Please write out all of the entries exactly as they appear.

*** Opening of Dataset excerpts ***

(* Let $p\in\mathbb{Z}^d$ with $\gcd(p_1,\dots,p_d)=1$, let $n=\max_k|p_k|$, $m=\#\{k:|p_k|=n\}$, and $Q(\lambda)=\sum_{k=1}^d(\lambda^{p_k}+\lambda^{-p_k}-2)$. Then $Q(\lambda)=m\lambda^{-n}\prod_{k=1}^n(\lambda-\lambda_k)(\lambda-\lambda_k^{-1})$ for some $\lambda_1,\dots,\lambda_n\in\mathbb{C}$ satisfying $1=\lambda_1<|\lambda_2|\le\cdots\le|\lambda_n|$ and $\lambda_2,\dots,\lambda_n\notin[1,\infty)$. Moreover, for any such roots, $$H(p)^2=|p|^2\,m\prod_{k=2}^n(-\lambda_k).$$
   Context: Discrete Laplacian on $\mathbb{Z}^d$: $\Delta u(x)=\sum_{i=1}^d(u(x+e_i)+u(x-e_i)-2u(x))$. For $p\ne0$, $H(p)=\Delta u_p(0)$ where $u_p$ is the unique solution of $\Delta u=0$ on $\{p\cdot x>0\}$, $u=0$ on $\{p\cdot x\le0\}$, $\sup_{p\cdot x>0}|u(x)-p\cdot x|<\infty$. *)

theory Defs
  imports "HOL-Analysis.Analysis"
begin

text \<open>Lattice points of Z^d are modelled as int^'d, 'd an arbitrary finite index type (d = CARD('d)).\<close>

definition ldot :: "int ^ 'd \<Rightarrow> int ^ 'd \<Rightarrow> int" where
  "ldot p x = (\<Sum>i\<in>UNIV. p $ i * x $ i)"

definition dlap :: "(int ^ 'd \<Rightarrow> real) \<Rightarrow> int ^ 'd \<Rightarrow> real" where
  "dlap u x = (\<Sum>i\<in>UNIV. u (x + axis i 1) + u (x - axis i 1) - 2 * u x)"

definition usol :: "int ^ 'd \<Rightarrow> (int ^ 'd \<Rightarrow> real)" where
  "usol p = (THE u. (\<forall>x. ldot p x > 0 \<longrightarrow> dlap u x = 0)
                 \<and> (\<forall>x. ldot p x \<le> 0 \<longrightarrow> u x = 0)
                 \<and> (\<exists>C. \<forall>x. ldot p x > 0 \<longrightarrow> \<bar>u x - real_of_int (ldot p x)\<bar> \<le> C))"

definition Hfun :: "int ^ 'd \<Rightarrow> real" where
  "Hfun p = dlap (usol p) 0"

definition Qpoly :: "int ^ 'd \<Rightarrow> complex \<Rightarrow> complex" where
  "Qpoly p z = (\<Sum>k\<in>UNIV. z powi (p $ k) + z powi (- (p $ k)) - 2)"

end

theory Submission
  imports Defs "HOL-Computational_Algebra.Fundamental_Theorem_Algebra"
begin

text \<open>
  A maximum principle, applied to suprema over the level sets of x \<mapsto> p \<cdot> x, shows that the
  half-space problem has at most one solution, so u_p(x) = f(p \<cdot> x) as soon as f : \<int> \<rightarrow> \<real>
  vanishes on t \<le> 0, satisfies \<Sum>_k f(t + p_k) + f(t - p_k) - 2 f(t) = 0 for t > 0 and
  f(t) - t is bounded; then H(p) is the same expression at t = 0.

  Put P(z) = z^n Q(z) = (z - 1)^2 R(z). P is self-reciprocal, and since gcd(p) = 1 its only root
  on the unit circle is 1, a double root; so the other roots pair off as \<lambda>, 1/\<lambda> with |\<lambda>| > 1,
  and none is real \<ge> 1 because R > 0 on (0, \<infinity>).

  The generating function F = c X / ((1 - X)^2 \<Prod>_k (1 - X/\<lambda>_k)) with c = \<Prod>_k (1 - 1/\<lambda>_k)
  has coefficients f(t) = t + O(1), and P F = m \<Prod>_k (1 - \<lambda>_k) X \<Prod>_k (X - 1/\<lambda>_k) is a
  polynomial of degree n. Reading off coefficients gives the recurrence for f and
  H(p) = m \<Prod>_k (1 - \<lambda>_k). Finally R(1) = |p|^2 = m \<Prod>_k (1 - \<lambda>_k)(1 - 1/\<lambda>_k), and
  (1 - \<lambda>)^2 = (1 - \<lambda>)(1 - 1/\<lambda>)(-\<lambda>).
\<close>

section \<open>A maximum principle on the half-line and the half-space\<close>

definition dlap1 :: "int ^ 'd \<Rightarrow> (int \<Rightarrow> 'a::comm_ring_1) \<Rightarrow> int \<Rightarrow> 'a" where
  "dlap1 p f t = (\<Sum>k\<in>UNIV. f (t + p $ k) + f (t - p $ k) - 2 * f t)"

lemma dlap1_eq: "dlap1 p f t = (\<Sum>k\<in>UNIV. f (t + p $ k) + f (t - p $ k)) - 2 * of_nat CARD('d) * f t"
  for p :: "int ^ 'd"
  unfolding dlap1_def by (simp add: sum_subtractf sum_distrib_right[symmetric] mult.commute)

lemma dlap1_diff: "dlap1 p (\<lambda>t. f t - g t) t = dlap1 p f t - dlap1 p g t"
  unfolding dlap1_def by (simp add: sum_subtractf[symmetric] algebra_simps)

*** Close of Dataset excerpts ***

■ The answer
(* Let $p\in\mathbb{Z}^d$ with $\gcd(p_1,\dots,p_d)=1$, let $n=\max_k|p_k|$, $m=\#\{k:|p_k|=n\}$, and $Q(\lambda)=\sum_{k=1}^d(\lambda^{p_k}+\lambda^{-p_k}-2)$. Then $Q(\lambda)=m\lambda^{-n}\prod_{k=1}^n(\lambda-\lambda_k)(\lambda-\lambda_k^{-1})$ for some $\lambda_1,\dots,\lambda_n\in\mathbb{C}$ satisfying $1=\lambda_1<|\lambda_2|\le\cdots\le|\lambda_n|$ and $\lambda_2,\dots,\lambda_n\notin[1,\infty)$. Moreover, for any such roots, $$H(p)^2=|p|^2\,m\prod_{k=2}^n(-\lambda_k).$$
   Context: Discrete Laplacian on $\mathbb{Z}^d$: $\Delta u(x)=\sum_{i=1}^d(u(x+e_i)+u(x-e_i)-2u(x))$. For $p\ne0$, $H(p)=\Delta u_p(0)$ where $u_p$ is the unique solution of $\Delta u=0$ on $\{p\cdot x>0\}$, $u=0$ on $\{p\cdot x\le0\}$, $\sup_{p\cdot x>0}|u(x)-p\cdot x|<\infty$. *)

theory Defs
  imports "HOL-Analysis.Analysis"
begin

text \<open>Lattice points of Z^d are modelled as int^'d, 'd an arbitrary finite index type (d = CARD('d)).\<close>

definition ldot :: "int ^ 'd \<Rightarrow> int ^ 'd \<Rightarrow> int" where
  "ldot p x = (\<Sum>i\<in>UNIV. p $ i * x $ i)"

definition dlap :: "(int ^ 'd \<Rightarrow> real) \<Rightarrow> int ^ 'd \<Rightarrow> real" where
  "dlap u x = (\<Sum>i\<in>UNIV. u (x + axis i 1) + u (x - axis i 1) - 2 * u x)"

definition usol :: "int ^ 'd \<Rightarrow> (int ^ 'd \<Rightarrow> real)" where
  "usol p = (THE u. (\<forall>x. ldot p x > 0 \<longrightarrow> dlap u x = 0)
                 \<and> (\<forall>x. ldot p x \<le> 0 \<longrightarrow> u x = 0)
                 \<and> (\<exists>C. \<forall>x. ldot p x > 0 \<longrightarrow> \<bar>u x - real_of_int (ldot p x)\<bar> \<le> C))"

definition Hfun :: "int ^ 'd \<Rightarrow> real" where
  "Hfun p = dlap (usol p) 0"

definition Qpoly :: "int ^ 'd \<Rightarrow> complex \<Rightarrow> complex" where
  "Qpoly p z = (\<Sum>k\<in>UNIV. z powi (p $ k) + z powi (- (p $ k)) - 2)"

end

theory Submission
  imports Defs "HOL-Computational_Algebra.Fundamental_Theorem_Algebra"
begin

text \<open>
  A maximum principle, applied to suprema over the level sets of x \<mapsto> p \<cdot> x, shows that the
  half-space problem has at most one solution, so u_p(x) = f(p \<cdot> x) as soon as f : \<int> \<rightarrow> \<real>
  vanishes on t \<le> 0, satisfies \<Sum>_k f(t + p_k) + f(t - p_k) - 2 f(t) = 0 for t > 0 and
  f(t) - t is bounded; then H(p) is the same expression at t = 0.

  Put P(z) = z^n Q(z) = (z - 1)^2 R(z). P is self-reciprocal, and since gcd(p) = 1 its only root
  on the unit circle is 1, a double root; so the other roots pair off as \<lambda>, 1/\<lambda> with |\<lambda>| > 1,
  and none is real \<ge> 1 because R > 0 on (0, \<infinity>).

  The generating function F = c X / ((1 - X)^2 \<Prod>_k (1 - X/\<lambda>_k)) with c = \<Prod>_k (1 - 1/\<lambda>_k)
  has coefficients f(t) = t + O(1), and P F = m \<Prod>_k (1 - \<lambda>_k) X \<Prod>_k (X - 1/\<lambda>_k) is a
  polynomial of degree n. Reading off coefficients gives the recurrence for f and
  H(p) = m \<Prod>_k (1 - \<lambda>_k). Finally R(1) = |p|^2 = m \<Prod>_k (1 - \<lambda>_k)(1 - 1/\<lambda>_k), and
  (1 - \<lambda>)^2 = (1 - \<lambda>)(1 - 1/\<lambda>)(-\<lambda>).
\<close>

section \<open>A maximum principle on the half-line and the half-space\<close>

definition dlap1 :: "int ^ 'd \<Rightarrow> (int \<Rightarrow> 'a::comm_ring_1) \<Rightarrow> int \<Rightarrow> 'a" where
  "dlap1 p f t = (\<Sum>k\<in>UNIV. f (t + p $ k) + f (t - p $ k) - 2 * f t)"

lemma dlap1_eq: "dlap1 p f t = (\<Sum>k\<in>UNIV. f (t + p $ k) + f (t - p $ k)) - 2 * of_nat CARD('d) * f t"
  for p :: "int ^ 'd"
  unfolding dlap1_def by (simp add: sum_subtractf sum_distrib_right[symmetric] mult.commute)

lemma dlap1_diff: "dlap1 p (\<lambda>t. f t - g t) t = dlap1 p f t - dlap1 p g t"
  unfolding dlap1_def by (simp add: sum_subtractf[symmetric] algebra_simps)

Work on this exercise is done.